• _WORK TO COMPLETE_:
What does the data read, word for word, from the line containing "using assms(2) V1_subset_W by" through its final line? Give those lines only.

• _TASK MATERIAL_:

lemma is_face_vanishing:
  assumes "finite E" "F \<subseteq> E" "\<forall>x\<in>P. \<forall>e\<in>F. 0 \<le> x e"
  shows "is_face E {x \<in> P. \<forall>e\<in>F. x e = 0} P"
proof -
  define c :: "nat set \<Rightarrow> real" where "c e = (if e \<in> F then 1 else 0)" for e
  have sum_c: "(\<Sum>e\<in>E. c e * x e) = sum x F" for x
  proof -
    have "(\<Sum>e\<in>E. c e * x e) = (\<Sum>e\<in>E. if e \<in> F then x e else 0)"
      by (intro sum.cong) (auto simp: c_def)
    also have "\<dots> = sum x F"
      using assms(1,2) by (simp add: sum.inter_restrict[symmetric] Int_absorb1)
    finally show ?thesis .
  qed
  have "finite F"
    using assms(1,2) by (rule finite_subset[rotated])
  then have vanishing_iff: "sum x F = 0 \<longleftrightarrow> (\<forall>e\<in>F. x e = 0)" if "x \<in> P" for x
    using assms(3) that by (simp add: sum_nonneg_eq_0_iff)
  show ?thesis unfolding is_face_def
  proof (intro exI conjI)
    show "\<forall>x\<in>P. 0 \<le> (\<Sum>e\<in>E. c e * x e)"
      using assms(3) by (simp add: sum_c sum_nonneg)
    show "{x \<in> P. \<forall>e\<in>F. x e = 0} = {x \<in> P. (\<Sum>e\<in>E. c e * x e) = 0}"
      using vanishing_iff by (auto simp: sum_c)
  qed
qed

lemma dom_Tjoin_nonneg: "y \<in> dom_Tjoin V T \<Longrightarrow> 0 \<le> y e"
  unfolding dom_Tjoin_def vecs_def by (cases "e \<in> edges V") auto

definition restrict_edges :: "nat set \<Rightarrow> (nat set \<Rightarrow> real) \<Rightarrow> nat set \<Rightarrow> real" where
  "restrict_edges V x e = (if e \<in> edges V then x e else 0)"

lemma restrict_edges_eqI:
  "y \<in> vecs V \<Longrightarrow> (\<And>e. e \<in> edges V \<Longrightarrow> x e = y e) \<Longrightarrow> restrict_edges V x = y"
  by (auto simp: restrict_edges_def vecs_def)

lemma restrict_edges_in_dom_Tjoin_iff:
  "restrict_edges V x \<in> dom_Tjoin V T \<longleftrightarrow> (\<forall>e\<in>edges V. 0 \<le> x e)
     \<and> (\<forall>S. S \<subseteq> V \<and> odd (card (T \<inter> S)) \<longrightarrow> 1 \<le> xsum x (ecut S (V - S)))"
proof -
  have "xsum (restrict_edges V x) (delta V S) = xsum x (ecut S (V - S))" if "S \<subseteq> V" for S
    using ecut_subset_edges[of S V "V - S"] that unfolding delta_def
    by (intro xsum_cong) (auto simp: restrict_edges_def)
  then show ?thesis
    by (auto simp: dom_Tjoin_def vecs_def restrict_edges_def Int_commute)
qed

definition glue :: "nat set \<Rightarrow> (nat set \<Rightarrow> real) \<Rightarrow> (nat set \<Rightarrow> real) \<Rightarrow> nat set \<Rightarrow> real" where
  "glue e0 y1 y2 e = y1 e + y2 e + (if e = e0 then 1 else 0)"

lemma glue_eq_0:
  assumes "y \<in> vecs V" "z \<in> vecs V'" "e \<notin> edges V" "e \<notin> edges V'" "e \<noteq> e0"
  shows "glue e0 y z e = 0"
  using assms by (simp add: glue_def vecs_def)

lemma restrict_edges_glue:
  assumes "y \<in> vecs V" "\<forall>e\<in>edges V. z e = 0" "e0 \<notin> edges V"
  shows "restrict_edges V (glue e0 y z) = y" "restrict_edges V (glue e0 z y) = y"
  using assms by (auto intro!: restrict_edges_eqI simp: glue_def)

lemma card_Int_remove:
  assumes "finite A" "a \<in> A"
  shows "card (A \<inter> S) = card ((A - {a}) \<inter> S) + of_bool (a \<in> S)"
proof (cases "a \<in> S")
  case True
  then have "A \<inter> S = insert a ((A - {a}) \<inter> S)"
    using assms(2) by blast
  then show ?thesis
    using True assms(1) by simp
next
  case False
  then have "A \<inter> S = (A - {a}) \<inter> S"
    by blast
  then show ?thesis
    using False by simp
qed

locale shore_split =
  fixes W T U1 U2 V1 V2 T1 T2 :: "nat set" and t1 t2 :: nat and F :: "nat set set"
  assumes finite_W: "finite W" and T_subset_W: "T \<subseteq> W"
    and shores_cover: "U1 \<union> U2 = W" and shores_disjoint: "U1 \<inter> U2 = {}"
    and t1_mem: "t1 \<in> T \<inter> U1" and t2_mem: "t2 \<in> T \<inter> U2"
    and V1_eq: "V1 = U1 - {t1}" and V2_eq: "V2 = U2 - {t2}"
    and T1_eq: "T1 = T \<inter> U1 - {t1}" and T2_eq: "T2 = T \<inter> U2 - {t2}"
    and F_eq: "F = Fset U1 U2 t1 t2"
begin

lemma swap_shores: "shore_split W T U2 U1 V2 V1 T2 T1 t2 t1 F"
  by unfold_locales
    (use finite_W T_subset_W shores_cover shores_disjoint t1_mem t2_mem V1_eq V2_eq T1_eq T2_eq
      F_eq Fset_swap in auto)

lemma t1_neq_t2: "t1 \<noteq> t2"
  using shores_disjoint t1_mem t2_mem by blast

lemma V1_subset_W: "V1 \<subseteq> W"
  using shores_cover V1_eq by blast

lemma W_eq_parts: "W = V1 \<union> V2 \<union> {t1, t2}"
  using shores_cover t1_mem t2_mem V1_eq V2_eq by blast

lemma parts_disjoint: "V1 \<inter> V2 = {}" "t1 \<notin> V1" "t1 \<notin> V2" "t2 \<notin> V1" "t2 \<notin> V2"
  using shores_disjoint t1_mem t2_mem V1_eq V2_eq by auto

lemma mem_F_iff: "e \<in> F \<longleftrightarrow> e \<in> edges W \<and> \<not> e \<subseteq> V1 \<and> \<not> e \<subseteq> V2 \<and> e \<noteq> {t1, t2}"
  unfolding F_eq Fset_def V1_eq[symmetric] V2_eq[symmetric] edges_eq_ecut mem_ecut Un_iff
  using W_eq_parts parts_disjoint t1_neq_t2 by auto

lemma terminal_edge_in_ecut: "{t1, t2} \<in> ecut U1 U2"
  unfolding mem_ecut using t1_mem t2_mem t1_neq_t2 by blast

lemma terminal_edge_in_edges: "{t1, t2} \<in> edges W"
  using terminal_edge_in_ecut ecut_subset_edges[of U1 W U2] shores_cover by blast

lemma terminal_edge_notin_edges_V1: "{t1, t2} \<notin> edges V1"
  using subset_of_mem_edges[of "{t1, t2}" V1] parts_disjoint by blast

lemma terminal_edge_notin_F: "{t1, t2} \<notin> F"
  by (simp add: mem_F_iff)

lemma edges_V1_V2_disjoint: "e \<in> edges V1 \<Longrightarrow> e \<notin> edges V2"
proof
  assume "e \<in> edges V1" "e \<in> edges V2"
  then have "e \<subseteq> V1 \<inter> V2" "e \<noteq> {}"
    by (simp_all add: subset_of_mem_edges edge_nonempty)
  then show False
    using parts_disjoint(1) by blast
qed

lemma F_disjoint_edges_V1: "e \<in> edges V1 \<Longrightarrow> e \<notin> F"
  using subset_of_mem_edges[of e V1] mem_F_iff[of e] by blast

lemma F_subset_edges: "F \<subseteq> edges W"
  using mem_F_iff by blast

lemma edges_W_cases:
  assumes "e \<in> edges W"
  obtains "e \<in> edges V1" | "e \<in> edges V2" | "e = {t1, t2}" | "e \<in> F"
proof -
  consider "e \<subseteq> V1" | "e \<subseteq> V2" | "e = {t1, t2}" | "e \<in> F"
    using assms mem_F_iff[of e] by blast
  then show thesis
    using assms mem_edges_subset[of e W] that by metis
qed

lemma ecut_shores_subset: "ecut U1 U2 \<subseteq> insert {t1, t2} F"
proof
  fix e assume e: "e \<in> ecut U1 U2"
  then have "e \<in> edges W"
    using ecut_subset_edges[of U1 W U2] shores_cover by blast
  obtain a b where "e = {a, b}" "a \<in> U1" "b \<in> U2"
    using e unfolding mem_ecut by blast
  then have "a \<in> e" "b \<in> e" "b \<notin> V1" "a \<notin> V2"
    using shores_disjoint V1_eq V2_eq by auto
  then have "\<not> e \<subseteq> V1" "\<not> e \<subseteq> V2"
    by blast+
  with \<open>e \<in> edges W\<close> show "e \<in> insert {t1, t2} F"
    by (simp add: mem_F_iff)
qed

lemma xsum_ecut_shores:
  assumes "\<forall>e\<in>F. x e = 0"
  shows "xsum x (ecut U1 U2) = x {t1, t2}"
proof -
  have "finite U1" "finite U2"
    using finite_W unfolding shores_cover[symmetric] by auto
  then have "finite (ecut U1 U2)"
    by (rule finite_ecut)
  moreover have "\<forall>e\<in>ecut U1 U2 - {{t1, t2}}. x e = 0"
    using assms ecut_shores_subset by blast
  ultimately have "xsum x {{t1, t2}} = xsum x (ecut U1 U2)"
    using terminal_edge_in_ecut by (intro xsum_mono_neutral) auto
  then show ?thesis
    by (simp add: xsum_def)
qed

lemma delta_subset_shore_cut:
  assumes "S \<subseteq> V1"
  shows "delta W S \<subseteq> ecut S (V1 - S) \<union> F"
proof
  fix e assume "e \<in> delta W S"
  moreover have "delta W S \<subseteq> edges W"
    using assms V1_subset_W by (intro delta_subset_edges) auto
  ultimately have "e \<in> edges W"
    by blast
  from \<open>e \<in> delta W S\<close> obtain a b where e: "e = {a, b}" "a \<in> S" "b \<in> W - S" "a \<noteq> b"
    unfolding delta_def mem_ecut by blast
  show "e \<in> ecut S (V1 - S) \<union> F"
  proof (cases "b \<in> V1")
    case True
    then have "e \<in> ecut S (V1 - S)"
      unfolding mem_ecut using e by blast
    then show ?thesis ..
  next
    case False
    have "a \<in> e" "b \<in> e" "a \<in> V1"
      using e assms by auto
    then have "\<not> e \<subseteq> V1" "\<not> e \<subseteq> V2" "e \<noteq> {t1, t2}"
      using False parts_disjoint by auto
    then show ?thesis
      using \<open>e \<in> edges W\<close> by (simp add: mem_F_iff)
  qed
qed

lemma shore_cut_subset_delta: "S \<subseteq> W \<Longrightarrow> ecut S (V1 - S) \<subseteq> delta W S"
  unfolding delta_def using V1_subset_W by (simp add: Diff_mono ecut_mono)

lemma xsum_delta_eq_shore_cut:
  assumes "\<forall>e\<in>F. x e = 0" "S \<subseteq> V1"
  shows "xsum x (delta W S) = xsum x (ecut S (V1 - S))"
proof (rule xsum_mono_neutral[symmetric])
  show "finite (delta W S)"
    using assms(2) V1_subset_W finite_W by (intro finite_delta) auto
  show "ecut S (V1 - S) \<subseteq> delta W S"
    using assms(2) V1_subset_W by (intro shore_cut_subset_delta) auto
  show "\<forall>e\<in>delta W S - ecut S (V1 - S). x e = 0"
    using assms delta_subset_shore_cut by blast
qed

• _OUTPUT BELOW_:
    using assms(2) V1_subset_W by (intro shore_cut_subset_delta) auto
  show "\<forall>e\<in>delta W S - ecut S (V1 - S). x e = 0"
    using assms delta_subset_shore_cut by blast
qed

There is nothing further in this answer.